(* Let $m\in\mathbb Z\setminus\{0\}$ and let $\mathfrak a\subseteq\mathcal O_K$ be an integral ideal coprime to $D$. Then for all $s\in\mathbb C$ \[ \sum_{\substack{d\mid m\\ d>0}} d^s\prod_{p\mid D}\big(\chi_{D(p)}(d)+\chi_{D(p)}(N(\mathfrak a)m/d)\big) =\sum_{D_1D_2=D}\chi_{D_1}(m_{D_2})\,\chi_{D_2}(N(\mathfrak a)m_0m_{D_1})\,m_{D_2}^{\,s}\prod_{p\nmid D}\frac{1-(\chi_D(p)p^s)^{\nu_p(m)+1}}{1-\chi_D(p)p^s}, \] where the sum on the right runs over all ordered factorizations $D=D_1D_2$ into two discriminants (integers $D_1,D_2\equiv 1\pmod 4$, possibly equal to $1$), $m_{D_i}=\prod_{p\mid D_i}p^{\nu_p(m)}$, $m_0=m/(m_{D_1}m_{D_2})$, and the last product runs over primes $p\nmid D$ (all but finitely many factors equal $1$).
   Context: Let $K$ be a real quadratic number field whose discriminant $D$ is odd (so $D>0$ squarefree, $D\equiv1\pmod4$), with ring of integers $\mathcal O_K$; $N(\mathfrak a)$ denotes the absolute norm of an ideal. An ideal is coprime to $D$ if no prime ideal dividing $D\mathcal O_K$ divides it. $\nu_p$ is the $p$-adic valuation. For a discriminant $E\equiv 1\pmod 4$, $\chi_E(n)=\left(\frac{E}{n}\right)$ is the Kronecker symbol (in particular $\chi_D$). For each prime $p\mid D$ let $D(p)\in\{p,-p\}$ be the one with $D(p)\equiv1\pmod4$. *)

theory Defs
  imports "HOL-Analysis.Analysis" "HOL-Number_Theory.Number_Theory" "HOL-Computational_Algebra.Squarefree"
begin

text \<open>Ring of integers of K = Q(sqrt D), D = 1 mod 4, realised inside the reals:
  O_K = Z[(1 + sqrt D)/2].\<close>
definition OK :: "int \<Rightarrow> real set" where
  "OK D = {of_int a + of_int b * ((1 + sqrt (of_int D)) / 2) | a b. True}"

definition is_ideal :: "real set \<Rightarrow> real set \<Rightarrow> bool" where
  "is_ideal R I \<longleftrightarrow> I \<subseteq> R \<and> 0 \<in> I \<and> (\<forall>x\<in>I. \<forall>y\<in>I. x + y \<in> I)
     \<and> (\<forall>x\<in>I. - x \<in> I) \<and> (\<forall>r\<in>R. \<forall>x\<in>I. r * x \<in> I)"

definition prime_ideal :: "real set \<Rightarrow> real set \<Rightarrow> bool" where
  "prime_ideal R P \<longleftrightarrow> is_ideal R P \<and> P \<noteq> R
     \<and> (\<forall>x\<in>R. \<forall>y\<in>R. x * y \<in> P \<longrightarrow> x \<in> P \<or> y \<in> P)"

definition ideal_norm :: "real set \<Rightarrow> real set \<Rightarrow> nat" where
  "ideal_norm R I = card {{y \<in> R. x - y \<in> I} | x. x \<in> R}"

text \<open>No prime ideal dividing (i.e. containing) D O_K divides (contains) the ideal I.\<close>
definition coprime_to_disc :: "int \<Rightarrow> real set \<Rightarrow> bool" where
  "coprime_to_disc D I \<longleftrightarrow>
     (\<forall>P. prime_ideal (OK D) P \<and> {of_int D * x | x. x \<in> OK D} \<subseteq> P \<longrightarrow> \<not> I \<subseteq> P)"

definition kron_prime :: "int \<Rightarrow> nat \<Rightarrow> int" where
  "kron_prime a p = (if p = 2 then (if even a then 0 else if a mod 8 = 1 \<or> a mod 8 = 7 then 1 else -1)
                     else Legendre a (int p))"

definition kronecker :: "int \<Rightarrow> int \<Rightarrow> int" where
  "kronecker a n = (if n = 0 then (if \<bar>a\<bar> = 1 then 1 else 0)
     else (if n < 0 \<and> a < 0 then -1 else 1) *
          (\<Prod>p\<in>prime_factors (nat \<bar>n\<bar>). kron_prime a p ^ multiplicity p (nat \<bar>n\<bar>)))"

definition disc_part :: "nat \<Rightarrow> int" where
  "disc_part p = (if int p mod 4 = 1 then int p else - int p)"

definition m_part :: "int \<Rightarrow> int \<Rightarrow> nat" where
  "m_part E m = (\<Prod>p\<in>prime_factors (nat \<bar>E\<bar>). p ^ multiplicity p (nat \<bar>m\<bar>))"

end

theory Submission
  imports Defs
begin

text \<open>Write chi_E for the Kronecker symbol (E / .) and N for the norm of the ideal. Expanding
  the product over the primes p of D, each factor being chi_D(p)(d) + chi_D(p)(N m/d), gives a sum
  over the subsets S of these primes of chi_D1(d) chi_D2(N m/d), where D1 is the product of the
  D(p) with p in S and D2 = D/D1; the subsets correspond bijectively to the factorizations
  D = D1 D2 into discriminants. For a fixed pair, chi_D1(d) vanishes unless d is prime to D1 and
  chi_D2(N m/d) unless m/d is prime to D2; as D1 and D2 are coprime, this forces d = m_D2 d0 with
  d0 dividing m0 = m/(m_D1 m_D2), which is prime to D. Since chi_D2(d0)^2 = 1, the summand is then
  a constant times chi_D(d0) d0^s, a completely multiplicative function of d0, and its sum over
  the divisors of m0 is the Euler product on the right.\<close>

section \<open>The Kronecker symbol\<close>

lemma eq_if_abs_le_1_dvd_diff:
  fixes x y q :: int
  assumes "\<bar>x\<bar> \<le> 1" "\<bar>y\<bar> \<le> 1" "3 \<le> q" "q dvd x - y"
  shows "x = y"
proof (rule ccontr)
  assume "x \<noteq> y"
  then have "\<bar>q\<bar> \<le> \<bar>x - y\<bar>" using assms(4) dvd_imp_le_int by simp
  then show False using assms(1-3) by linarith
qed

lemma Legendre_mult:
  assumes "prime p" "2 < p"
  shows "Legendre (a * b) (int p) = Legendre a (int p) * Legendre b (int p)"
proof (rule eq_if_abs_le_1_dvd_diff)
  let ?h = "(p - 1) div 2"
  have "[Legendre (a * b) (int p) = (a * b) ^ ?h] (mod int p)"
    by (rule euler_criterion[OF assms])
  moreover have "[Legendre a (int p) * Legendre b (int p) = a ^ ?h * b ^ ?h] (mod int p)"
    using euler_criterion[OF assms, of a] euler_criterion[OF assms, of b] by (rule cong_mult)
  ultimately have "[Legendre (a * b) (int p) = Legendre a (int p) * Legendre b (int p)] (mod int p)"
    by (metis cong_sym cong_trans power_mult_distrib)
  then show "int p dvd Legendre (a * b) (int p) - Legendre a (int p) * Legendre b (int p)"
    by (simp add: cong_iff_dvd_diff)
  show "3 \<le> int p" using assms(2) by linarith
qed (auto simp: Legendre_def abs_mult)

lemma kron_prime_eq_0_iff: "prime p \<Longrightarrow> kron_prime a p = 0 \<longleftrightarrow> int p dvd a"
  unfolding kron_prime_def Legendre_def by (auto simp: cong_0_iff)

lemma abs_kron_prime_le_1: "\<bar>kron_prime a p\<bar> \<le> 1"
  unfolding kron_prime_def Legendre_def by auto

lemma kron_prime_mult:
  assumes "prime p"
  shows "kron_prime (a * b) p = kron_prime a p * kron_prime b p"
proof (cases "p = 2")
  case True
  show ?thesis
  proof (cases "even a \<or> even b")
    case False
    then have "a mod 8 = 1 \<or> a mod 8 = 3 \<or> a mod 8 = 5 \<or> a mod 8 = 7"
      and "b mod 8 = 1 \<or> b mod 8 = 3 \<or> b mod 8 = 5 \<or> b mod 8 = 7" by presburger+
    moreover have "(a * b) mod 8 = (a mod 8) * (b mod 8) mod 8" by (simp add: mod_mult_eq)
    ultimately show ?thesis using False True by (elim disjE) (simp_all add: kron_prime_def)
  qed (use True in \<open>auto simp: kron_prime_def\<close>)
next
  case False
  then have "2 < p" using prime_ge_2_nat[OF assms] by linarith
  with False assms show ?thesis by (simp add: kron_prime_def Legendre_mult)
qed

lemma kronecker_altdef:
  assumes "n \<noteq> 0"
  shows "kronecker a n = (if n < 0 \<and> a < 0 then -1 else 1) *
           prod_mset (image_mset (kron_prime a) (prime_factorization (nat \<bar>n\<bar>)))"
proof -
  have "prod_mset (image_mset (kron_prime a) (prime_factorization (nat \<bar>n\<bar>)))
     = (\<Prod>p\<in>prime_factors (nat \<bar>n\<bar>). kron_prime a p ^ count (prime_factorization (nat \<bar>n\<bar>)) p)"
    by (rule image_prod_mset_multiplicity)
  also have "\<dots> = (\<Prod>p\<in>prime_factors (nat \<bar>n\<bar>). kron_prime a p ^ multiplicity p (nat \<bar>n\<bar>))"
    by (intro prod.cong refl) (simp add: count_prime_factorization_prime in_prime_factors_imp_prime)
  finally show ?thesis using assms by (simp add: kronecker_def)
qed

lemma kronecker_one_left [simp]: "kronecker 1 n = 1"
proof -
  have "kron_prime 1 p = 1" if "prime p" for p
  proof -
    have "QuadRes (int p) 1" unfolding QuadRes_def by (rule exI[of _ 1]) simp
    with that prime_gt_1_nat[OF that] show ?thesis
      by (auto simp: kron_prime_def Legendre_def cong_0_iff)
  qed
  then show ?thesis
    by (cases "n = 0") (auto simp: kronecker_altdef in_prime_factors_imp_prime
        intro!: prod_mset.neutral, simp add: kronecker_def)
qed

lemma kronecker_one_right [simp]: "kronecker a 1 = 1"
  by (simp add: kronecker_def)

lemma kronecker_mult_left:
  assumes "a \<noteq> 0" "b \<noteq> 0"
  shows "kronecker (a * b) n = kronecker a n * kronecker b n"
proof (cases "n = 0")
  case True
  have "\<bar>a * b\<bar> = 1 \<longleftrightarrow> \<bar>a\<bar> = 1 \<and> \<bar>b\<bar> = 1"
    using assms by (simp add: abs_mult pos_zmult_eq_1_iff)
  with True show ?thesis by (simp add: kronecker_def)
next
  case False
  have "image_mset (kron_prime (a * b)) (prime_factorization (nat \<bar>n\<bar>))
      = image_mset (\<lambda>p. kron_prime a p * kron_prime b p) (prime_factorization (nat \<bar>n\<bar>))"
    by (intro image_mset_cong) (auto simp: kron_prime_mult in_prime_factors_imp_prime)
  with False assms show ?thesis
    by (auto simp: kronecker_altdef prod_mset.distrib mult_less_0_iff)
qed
--
YOUR GOAL:
Given the data above, transcribe exactly the lines from the one containing "theory Submission" down to the one containing "D = D1 D2 into", and no others.

RESPONSE AREA:
theory Submission
  imports Defs
begin

text \<open>Write chi_E for the Kronecker symbol (E / .) and N for the norm of the ideal. Expanding
  the product over the primes p of D, each factor being chi_D(p)(d) + chi_D(p)(N m/d), gives a sum
  over the subsets S of these primes of chi_D1(d) chi_D2(N m/d), where D1 is the product of the
  D(p) with p in S and D2 = D/D1; the subsets correspond bijectively to the factorizations
  D = D1 D2 into discriminants. For a fixed pair, chi_D1(d) vanishes unless d is prime to D1 and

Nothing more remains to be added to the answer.